The project involves a detailed examination of Netflix's content to extract valuable insights and address various business questions. By leveraging SQL queries, we aim to analyze the distribution of content types (movies vs. TV shows), identify common ratings, explore content based on release years, countries, and durations, and categorize content using specific criteria and keywords.

Objectives

  • Analyze distribution between movies and TV shows on Netflix.
  • Identify prevalent ratings for movies and TV shows.
  • Examine content based on release years, countries, and durations.
  • Explore and categorize content using specific criteria and keywords.

Dataset

The dataset used in this project is sourced from Kaggle:

Schema

CREATE TABLE netflix
(
    show_id      VARCHAR(5),
    type         VARCHAR(7),
    title        VARCHAR(104),
    director     VARCHAR(208),
    casts        VARCHAR(771),
    country      VARCHAR(123),
    date_added   DATE,
    release_year INT,
    rating       VARCHAR(8),
    duration     VARCHAR(10),
    listed_in    VARCHAR(79),
    description  VARCHAR(250)
);

Business Problems and Solutions

1. Retrieve the total count of movies and TV shows in the dataset.

SELECT 
   types,
   COUNT(*) AS Total_type
FROM 
	netflix 
GROUP BY 
	types;

Goal: Analyze the distribution of content types on Netflix.

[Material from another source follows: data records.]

lemma accurate_if_round_good:
  assumes "length ts = m" "length us = n - m" "m < n" "round_good k eps m us"
    and "round_start_of n (ts @ us) m"
  shows "\<not> inaccurate n (state_at (ts @ us) n)"
proof -
  define j where "j = n - m - 1"
  have j: "j < length us" "m + j + 1 = n"
    using assms(2,3) unfolding j_def by auto
  have "\<not> fresh (us ! i)" if "i < j" for i
    using assms(5)[unfolded round_start_of_def, THEN conjunct2, rule_format, of "m + 1 + i"]
      state_at_append_gt[OF assms(1), of "m + 1 + i" us] that j by auto
  then have "\<bar>rest k (us ! j) - real (m + j + 1)\<bar> \<le> eps * real (m + j + 1)"
    using assms(4) j(1) unfolding round_good_def by blast
  then have "\<bar>rest k (us ! j) - real n\<bar> \<le> eps * real n"
    unfolding j(2) .
  moreover have "state_at (ts @ us) n = us ! j"
    using state_at_append_gt[OF assms(1,3)] unfolding j_def by simp
  ultimately show ?thesis
    by (simp add: inaccurate_def)
qed

lemma prob_inaccurate_continuation_le:
  assumes "per_round_accurate k eps c \<delta>" "m < n" and ts: "ts \<in> set_pmf (traj 0 rinit m)"
  shows "measure_pmf.prob (traj m (final_state rinit ts) (n - m))
      {us. round_start_of n (ts @ us) m \<and> inaccurate n (state_at (ts @ us) n)}
    \<le> \<delta> * indicator {ts. fresh (final_state rinit ts)} ts"
proof -
  let ?\<sigma> = "final_state rinit ts"
  let ?traj = "traj m ?\<sigma> (n - m)"
  have len: "length ts = m"
    using length_traj[OF ts] .
  show ?thesis
  proof (cases "fresh ?\<sigma>")
    case True
    have "?\<sigma> \<in> set_pmf (run m)"
      using ts by (simp add: run_eq_final_traj)
    from assms(1)[unfolded per_round_accurate_def, rule_format, OF valid this True, of "n - m"]
    have "1 - measure_pmf.prob ?traj {us. round_good k eps m us} \<le> \<delta>"
      by simp
    moreover have "measure_pmf.prob ?traj
        {us. round_start_of n (ts @ us) m \<and> inaccurate n (state_at (ts @ us) n)}
      \<le> measure_pmf.prob ?traj (- {us. round_good k eps m us})"
      using accurate_if_round_good[OF len length_traj assms(2)]
      by (intro measure_pmf_mono_on_support) auto
    ultimately show ?thesis
      using True measure_pmf.prob_compl[of "{us. round_good k eps m us}" ?traj]
      by (simp add: Compl_eq_Diff_UNIV)
  next
    case False
    then have "measure_pmf.prob ?traj
        {us. round_start_of n (ts @ us) m \<and> inaccurate n (state_at (ts @ us) n)}
      \<le> measure_pmf.prob ?traj {}"
      using state_at_append_le[OF len, of m] state_at_length[OF len]
      by (intro measure_pmf_mono_on_support) (auto simp: round_start_of_def)
    then show ?thesis
      using False by simp
  qed
qed

lemma prob_inaccurate_round_le:
  assumes "per_round_accurate k eps c \<delta>" "m < n"
  shows "measure_pmf.prob (traj 0 rinit n)
      {ts. round_start_of n ts m \<and> inaccurate n (state_at ts n)}
    \<le> \<delta> * measure_pmf.prob (run m) {\<sigma>. fresh \<sigma>}"
proof -
  have "measure_pmf.prob (traj 0 rinit n) {ts. round_start_of n ts m \<and> inaccurate n (state_at ts n)}
    = (\<integral>ts. measure_pmf.prob (traj m (final_state rinit ts) (n - m))
        {us. round_start_of n (ts @ us) m \<and> inaccurate n (state_at (ts @ us) n)} \<partial>traj 0 rinit m)"
    using assms(2) by (subst measure_traj_split) simp_all
  also have "\<dots> \<le> (\<integral>ts. \<delta> * indicator {ts. fresh (final_state rinit ts)} ts \<partial>traj 0 rinit m)"
    using assms
    by (intro integral_mono_finite_pmf finite_traj prob_inaccurate_continuation_le) simp_all
  also have "\<dots> = \<delta> * measure_pmf.prob (run m) {\<sigma>. fresh \<sigma>}"
    by (simp add: run_eq_final_traj vimage_def)
  finally show ?thesis .
qed

lemma prob_inaccurate_le_split:
  assumes "per_round_accurate k eps c \<delta>" "a < n"
  shows "measure_pmf.prob (run n) {\<sigma>. inaccurate n \<sigma>} \<le>
      measure_pmf.prob (traj 0 rinit n) {ts. \<forall>i\<in>{a..<n}. \<not> fresh (state_at ts i)}
    + (\<Sum>m\<in>{a..<n}. \<delta> * measure_pmf.prob (run m) {\<sigma>. fresh \<sigma>})"
proof -
  let ?none = "{ts. \<forall>i\<in>{a..<n}. \<not> fresh (state_at ts i)}"
  let ?A = "\<lambda>m. {ts. round_start_of n ts m \<and> inaccurate n (state_at ts n)}"
  have "measure_pmf.prob (run n) {\<sigma>. inaccurate n \<sigma>} =
      measure_pmf.prob (traj 0 rinit n) {ts. inaccurate n (state_at ts n)}"
    unfolding run_eq_final_traj measure_map_pmf vimage_def
    by (intro measure_pmf_cong_on_support) (auto simp: state_at_length length_traj)
  also have "\<dots> \<le> measure_pmf.prob (traj 0 rinit n) (?none \<union> (\<Union>m\<in>{a..<n}. ?A m))"
    using exists_last_in_interval[of a n "\<lambda>i. fresh (state_at _ i)"]
    by (intro measure_pmf_mono_on_support) (auto simp: round_start_of_def)
  also have "\<dots> \<le> measure_pmf.prob (traj 0 rinit n) ?none +
      (\<Sum>m\<in>{a..<n}. measure_pmf.prob (traj 0 rinit n) (?A m))"
    by (intro order.trans[OF measure_Un_le] add_mono order_refl
        measure_pmf.finite_measure_subadditive_finite) auto
  also have "\<dots> \<le> measure_pmf.prob (traj 0 rinit n) ?none +
      (\<Sum>m\<in>{a..<n}. \<delta> * measure_pmf.prob (run m) {\<sigma>. fresh \<sigma>})"
    using assms by (intro add_mono order_refl sum_mono prob_inaccurate_round_le) auto
  finally show ?thesis .
qed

2. Find the most common rating given to movies and TV shows.

WITH Ratings AS (
	SELECT 
		types,
		rating, 
		count(rating),
		RANK() OVER(PARTITION BY types ORDER BY COUNT(*) DESC) AS ranking
	FROM 
		netflix 
	GROUP BY 
		types, rating
	)	
	
SELECT 
	types,
	rating
FROM 
	Ratings
WHERE 
	ranking = 1

Goal: Find the most common rating for each type of content.

3. List all movies released in the year 2021.

SELECT 
	*
FROM 
	netflix 
WHERE 
	types  = 'Movie' 
   AND 
   release_year = 2021

Goal: Compile a list of all movies that were released in the year 2021.

4. Identify the top 5 countries with the highest number of content available on Netflix.

WITH country_data AS (
    SELECT
        TRIM(SUBSTR(country, 1, INSTR(country, ',') - 1)) AS country
    FROM
        netflix
    WHERE
        country LIKE '%,%' 
    
    UNION ALL
    
    SELECT
        TRIM(country) AS country
    FROM
        netflix
    WHERE
        country NOT LIKE '%,%'
        AND country IS NOT NULL
        AND country <> ''
)
SELECT
    country,
    COUNT(*) AS content_count
FROM
    country_data
GROUP BY
    country
ORDER BY
    content_count DESC
LIMIT 5;

Goal: Determine the top 5 countries with the most extensive content libraries available on Netflix.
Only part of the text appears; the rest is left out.